Impress your guests with this absolutely decadent dessert. What can go wrong, Chocolate Almond, Espresso & Armaretto, OMG!!
40gm Brown Sugar
½ Egg
25gm Butter
100gm Flour
25gm Ground Almond
2gm Baking Powder
1gm Salt
15gm Cocoa Powder
15gm Instant Coffee
2gm Vanilla Essence
40gm Small Batch Chocolate Almond Butter
60gm Milk
80gm Caster Sugar
15gm Cocoa Powder
50ml Amaretto Shot
30ml Espresso Shot
220ml Hot Water
Cream Egg & Sugar, add cooled melted butter. Sieve together Flour, Ground Almond, Baking Powder, Salt, Instant Coffee & 1st Cocoa.
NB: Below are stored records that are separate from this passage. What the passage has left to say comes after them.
definition largest_match :: "(nat \<Rightarrow> 'a::zero) \<Rightarrow> (nat \<Rightarrow> 'a) \<Rightarrow> nat \<Rightarrow> nat \<Rightarrow> nat \<Rightarrow> bool" where
  "largest_match a b s r t \<longleftrightarrow> prefix_match a b s r t \<and> (\<forall>t'. prefix_match a b s r t' \<longrightarrow> t' \<le> t)"

definition s0_of :: "nat \<Rightarrow> nat \<Rightarrow> nat" where
  "s0_of s t = (if t mod s = 0 then s else t mod s)"

definition s'_of :: "nat \<Rightarrow> nat \<Rightarrow> nat" where
  "s'_of s t = (if s0_of s t < s then s0_of s t + 1 else 1)"

end

(*
  Write \<alpha>_r = [a_0; ..., a_r, \<beta>] with \<beta> = [b_1; b_2, ...] purely periodic. By Galois' theorem
  the conjugate of \<beta> is -1/[b_s; b_(s-1), ...], so \<alpha>_r^\<sigma> = [a_0; ..., a_r, -1/[b_s; ...]].
  Then -log_q \<rho>_r = v(f - \<alpha>_r) - v(\<alpha>_r - \<alpha>_r^\<sigma>), and both valuations are computed by
  peeling off the partial quotients the two expansions share: by v(1/x - 1/y) = v(x - y) - v(x) - v(y)
  each shared quotient c contributes 2 deg c, and the first disagreement between p and q contributes
  deg p + deg q - deg (p - q) \<ge> 1.  The shared block a_1, ..., a_r cancels in the difference, which
  leaves the stated formula; for f the block extends over the t quotients matching the period.
  The hypothesis f \<notin> \<Theta>_\<tau> makes t finite, since otherwise f = \<alpha>_r is an image of \<tau> under
  PGL_2(R).
*)
theory Submission
  imports Defs
begin

unbundle fps_syntax

section \<open>The embedding of polynomials into Laurent series\<close>

lemma emb_nth: "emb p $$ k = (if k \<le> 0 then coeff p (nat (-k)) else 0)"
proof -
  have "emb p $$ k = (\<Sum>i\<le>degree p. coeff p i * (if k = - int i then 1 else 0))"
    unfolding emb_def fls_nth_sum by (simp add: fls_X_inv_power_nth)
  also have "\<dots> = (\<Sum>i\<in>{..degree p} \<inter> {nat (-k)}. if k \<le> 0 then coeff p i else 0)"
    by (rule sum.mono_neutral_cong_right) (auto split: if_splits)
  also have "\<dots> = (if k \<le> 0 then coeff p (nat (-k)) else 0)"
    by (cases "nat (-k) \<le> degree p") (auto simp: coeff_eq_0)
  finally show ?thesis .
qed

lemma emb_0 [simp]: "emb 0 = 0"
  and emb_1 [simp]: "emb 1 = 1"
  and emb_add [simp]: "emb (p + q) = emb p + emb q"
  and emb_diff [simp]: "emb (p - q) = emb p - emb q"
  and emb_uminus [simp]: "emb (- p) = - emb p"
  and emb_smult: "emb (smult c p) = fls_const c * emb p"
  by (auto intro!: fls_eqI simp: emb_nth)

lemma emb_pCons: "emb (pCons c p) = fls_const c + fls_X_inv * emb p"
proof (rule fls_eqI)
  fix k
  show "emb (pCons c p) $$ k = (fls_const c + fls_X_inv * emb p) $$ k"
    unfolding fls_X_inv_times_conv_shift
    by (cases "k < 0") (auto simp: emb_nth coeff_pCons nat_add_distrib nat_diff_distrib split: nat.split)
qed

lemma emb_mult [simp]: "emb (p * q) = emb p * emb q"
  by (induction p) (simp_all add: emb_pCons emb_smult algebra_simps)

lemma emb_numeral [simp]: "emb (numeral k) = numeral k"
  by (induction k rule: num_induct) (simp_all add: numeral_inc del: numeral_plus_one)

lemma emb_eq_0_iff [simp]: "emb p = 0 \<longleftrightarrow> p = 0"
proof
  assume "emb p = 0"
  then have "coeff p n = 0" for n
    using emb_nth[of p "- int n"] by simp
  then show "p = 0" by (simp add: poly_eq_iff)
qed simp

lemma fls_subdegree_emb [simp]: "fls_subdegree (emb p) = - int (degree p)"
proof (cases "p = 0")
  case False
  show ?thesis
  proof (rule fls_subdegree_eqI)
    show "emb p $$ (- int (degree p)) \<noteq> 0" using False by (simp add: emb_nth)
    show "emb p $$ k = 0" if "k < - int (degree p)" for k
      using that by (simp add: emb_nth coeff_eq_0)
  qed
qed simp

lemma fls_subdegree_add_dominant:
  fixes x y :: "'a::field fls"
  assumes "x \<noteq> 0" "y = 0 \<or> fls_subdegree x < fls_subdegree y"
  shows "x + y \<noteq> 0 \<and> fls_subdegree (x + y) = fls_subdegree x"
proof (cases "y = 0")
  case False
  then have lt: "fls_subdegree x < fls_subdegree y" using assms by simp
  then have "(x + y) $$ fls_subdegree x \<noteq> 0"
    using assms(1) by (simp add: nth_fls_subdegree_zero_iff)
  then show ?thesis using fls_nonzeroI fls_subdegree_add_eq1[OF assms(1) lt] by blast
qed (use assms in simp)

lemma fls_subdegree_one_div [simp]: "fls_subdegree (1 / x) = - fls_subdegree (x :: 'a::field fls)"
  by (simp add: divide_inverse)

lemma fls_subdegree_one_div_diff:
  fixes x y :: "'a::field fls"
  assumes "x \<noteq> 0" "y \<noteq> 0" "x \<noteq> y"
  shows "1 / x - 1 / y \<noteq> 0 \<and>
    fls_subdegree (1 / x - 1 / y) = fls_subdegree (x - y) - fls_subdegree x - fls_subdegree y"
proof -
  have "1 / x - 1 / y = (y - x) / (x * y)" using assms by (simp add: field_simps)
  then show ?thesis
    using assms by (simp add: fls_divide_subdegree fls_subdegree_minus_sym)
qed

lemma fls_subdegree_emb_add_small:
  fixes e :: "'a::field fls"
  assumes "d \<noteq> 0" "e = 0 \<or> - int (degree d) < fls_subdegree e"
  shows "emb d + e \<noteq> 0 \<and> fls_subdegree (emb d + e) = - int (degree d)"
  using fls_subdegree_add_dominant[of "emb d" e] assms by auto

section \<open>Finite continued fractions with a tail\<close>

primrec cf_tail :: "(nat \<Rightarrow> 'a::field poly) \<Rightarrow> nat \<Rightarrow> 'a fls \<Rightarrow> 'a fls" where
  "cf_tail c 0 w = emb (c 0) + 1 / w"
| "cf_tail c (Suc n) w = emb (c 0) + 1 / cf_tail (\<lambda>i. c (Suc i)) n w"

primrec cf_tail_defined :: "(nat \<Rightarrow> 'a::field poly) \<Rightarrow> nat \<Rightarrow> 'a fls \<Rightarrow> bool" where
  "cf_tail_defined c 0 w \<longleftrightarrow> w \<noteq> 0"
| "cf_tail_defined c (Suc n) w \<longleftrightarrow>
     cf_tail_defined (\<lambda>i. c (Suc i)) n w \<and> cf_tail (\<lambda>i. c (Suc i)) n w \<noteq> 0"

lemma cf_tail_cong: "(\<And>i. i \<le> n \<Longrightarrow> c i = c' i) \<Longrightarrow> cf_tail c n w = cf_tail c' n w"
proof (induction n arbitrary: c c')
  case (Suc n)
  have "cf_tail (\<lambda>i. c (Suc i)) n w = cf_tail (\<lambda>i. c' (Suc i)) n w"
    by (rule Suc.IH) (use Suc.prems in auto)
  then show ?case using Suc.prems[of 0] by simp
qed simp

lemma cf_tail_Suc_snoc: "cf_tail c (Suc n) w = cf_tail c n (emb (c (Suc n)) + 1 / w)"
  by (induction n arbitrary: c) simp_all

lemma cf_tail_defined_Suc_snoc:
  assumes "w \<noteq> 0" "cf_tail_defined c n (emb (c (Suc n)) + 1 / w)"
  shows "cf_tail_defined c (Suc n) w"
  using assms
proof (induction n arbitrary: c)
  case (Suc n)
  have "cf_tail_defined (\<lambda>i. c (Suc i)) (Suc n) w"
    using Suc.IH[of "\<lambda>i. c (Suc i)"] Suc.prems by simp
  moreover have "cf_tail (\<lambda>i. c (Suc i)) (Suc n) w \<noteq> 0"
    using Suc.prems by (simp only: cf_tail_Suc_snoc) simp
  ultimately show ?case by simp
qed simp

lemma cf_tail_subdegree:
  assumes "\<forall>i\<le>n. 1 \<le> degree (c i)" "w \<noteq> 0" "fls_subdegree w \<le> 0"
  shows "cf_tail c n w \<noteq> 0 \<and> fls_subdegree (cf_tail c n w) = - int (degree (c 0))"
  using assms
proof (induction n arbitrary: c)
  case 0
  have "c 0 \<noteq> 0" using 0 by auto
  moreover have "- int (degree (c 0)) < fls_subdegree (1 / w)" using 0 by auto
  ultimately show ?case using fls_subdegree_emb_add_small[of "c 0" "1 / w"] by simp
next
  case (Suc n)
  have "cf_tail (\<lambda>i. c (Suc i)) n w \<noteq> 0 \<and>
      fls_subdegree (cf_tail (\<lambda>i. c (Suc i)) n w) = - int (degree (c 1))"
    using Suc.IH[of "\<lambda>i. c (Suc i)"] Suc.prems by auto
  moreover have "degree (c 1) \<ge> 1" "c 0 \<noteq> 0" using Suc.prems by auto
  ultimately show ?case
    using fls_subdegree_emb_add_small[of "c 0" "1 / cf_tail (\<lambda>i. c (Suc i)) n w"] by simp
qed

lemma cf_tail_definedI:
  assumes "\<forall>i\<in>{1..n}. 1 \<le> degree (c i)" "w \<noteq> 0" "fls_subdegree w \<le> 0"
  shows "cf_tail_defined c n w"
  using assms
proof (induction n arbitrary: c)
  case (Suc n)
  have "cf_tail (\<lambda>i. c (Suc i)) n w \<noteq> 0"
    using cf_tail_subdegree[of n "\<lambda>i. c (Suc i)" w] Suc.prems by auto
  moreover have "cf_tail_defined (\<lambda>i. c (Suc i)) n w"
    using Suc.IH[of "\<lambda>i. c (Suc i)"] Suc.prems by auto
  ultimately show ?case by simp
qed simp

text \<open>Each level of the continued fraction contributes the degree of its partial quotient twice,
  through \<open>v(1/x - 1/y) = v(x - y) - v(x) - v(y)\<close>.\<close>

lemma cf_tail_diff_subdegree:
  assumes "\<forall>i\<in>{1..n}. 1 \<le> degree (c i)"
    and "u \<noteq> 0" "u' \<noteq> 0" "fls_subdegree u \<le> 0" "fls_subdegree u' \<le> 0" "u \<noteq> u'"
  shows "cf_tail c n u \<noteq> cf_tail c n u' \<and>
    fls_subdegree (cf_tail c n u - cf_tail c n u') = fls_subdegree (u - u') - fls_subdegree u
      - fls_subdegree u' + 2 * (\<Sum>i = 1..n. int (degree (c i)))"
  using assms
proof (induction n arbitrary: c)
  case 0
  then show ?case using fls_subdegree_one_div_diff[of u u'] by simp
next
  case (Suc n)
  define d where "d = (\<lambda>i. c (Suc i))"
  have IH: "cf_tail d n u \<noteq> cf_tail d n u' \<and>
    fls_subdegree (cf_tail d n u - cf_tail d n u') = fls_subdegree (u - u') - fls_subdegree u
      - fls_subdegree u' + 2 * (\<Sum>i = 1..n. int (degree (d i)))"
    using Suc.IH[of d] Suc.prems unfolding d_def by auto
  have "\<forall>i\<le>n. 1 \<le> degree (d i)" using Suc.prems unfolding d_def by auto
  then have "cf_tail d n x \<noteq> 0 \<and> fls_subdegree (cf_tail d n x) = - int (degree (d 0))"
    if "x \<in> {u, u'}" for x
    using cf_tail_subdegree[of n d x] Suc.prems that by auto
  moreover have "(\<Sum>i = 1..Suc n. int (degree (c i))) =
      int (degree (d 0)) + (\<Sum>i = 1..n. int (degree (d i)))"
  proof -
    have "(\<Sum>i = 1..Suc n. int (degree (c i))) = int (degree (c 1)) + (\<Sum>i = Suc 1..Suc n. int (degree (c i)))"
      by (rule sum.atLeast_Suc_atMost) simp
    then show ?thesis unfolding d_def sum.shift_bounds_cl_Suc_ivl by simp
  qed
  ultimately show ?case
    using fls_subdegree_one_div_diff[of "cf_tail d n u" "cf_tail d n u'"] IH
    by (simp add: d_def[symmetric])
qed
Add alternately with Milk, Vanilla & Small Batch Chocolate Almond Butter. Portion 60 grams batter loosely into buttered & floured molds (Dariole), don't press down.
Sprinkle remaining sugar/cocoa on top. Mix Espresso Shot, hot water and Amaretto and pour 50grams over each pudding.
Bake at 160c for 20 minutes. Watch, if sauce starts to boil over sides open the oven to cool and drop temperature to 140c for remaining cooking time. Pudding should turn out easily with sauce flowing over the top. Serve with quality ice-cream and berries.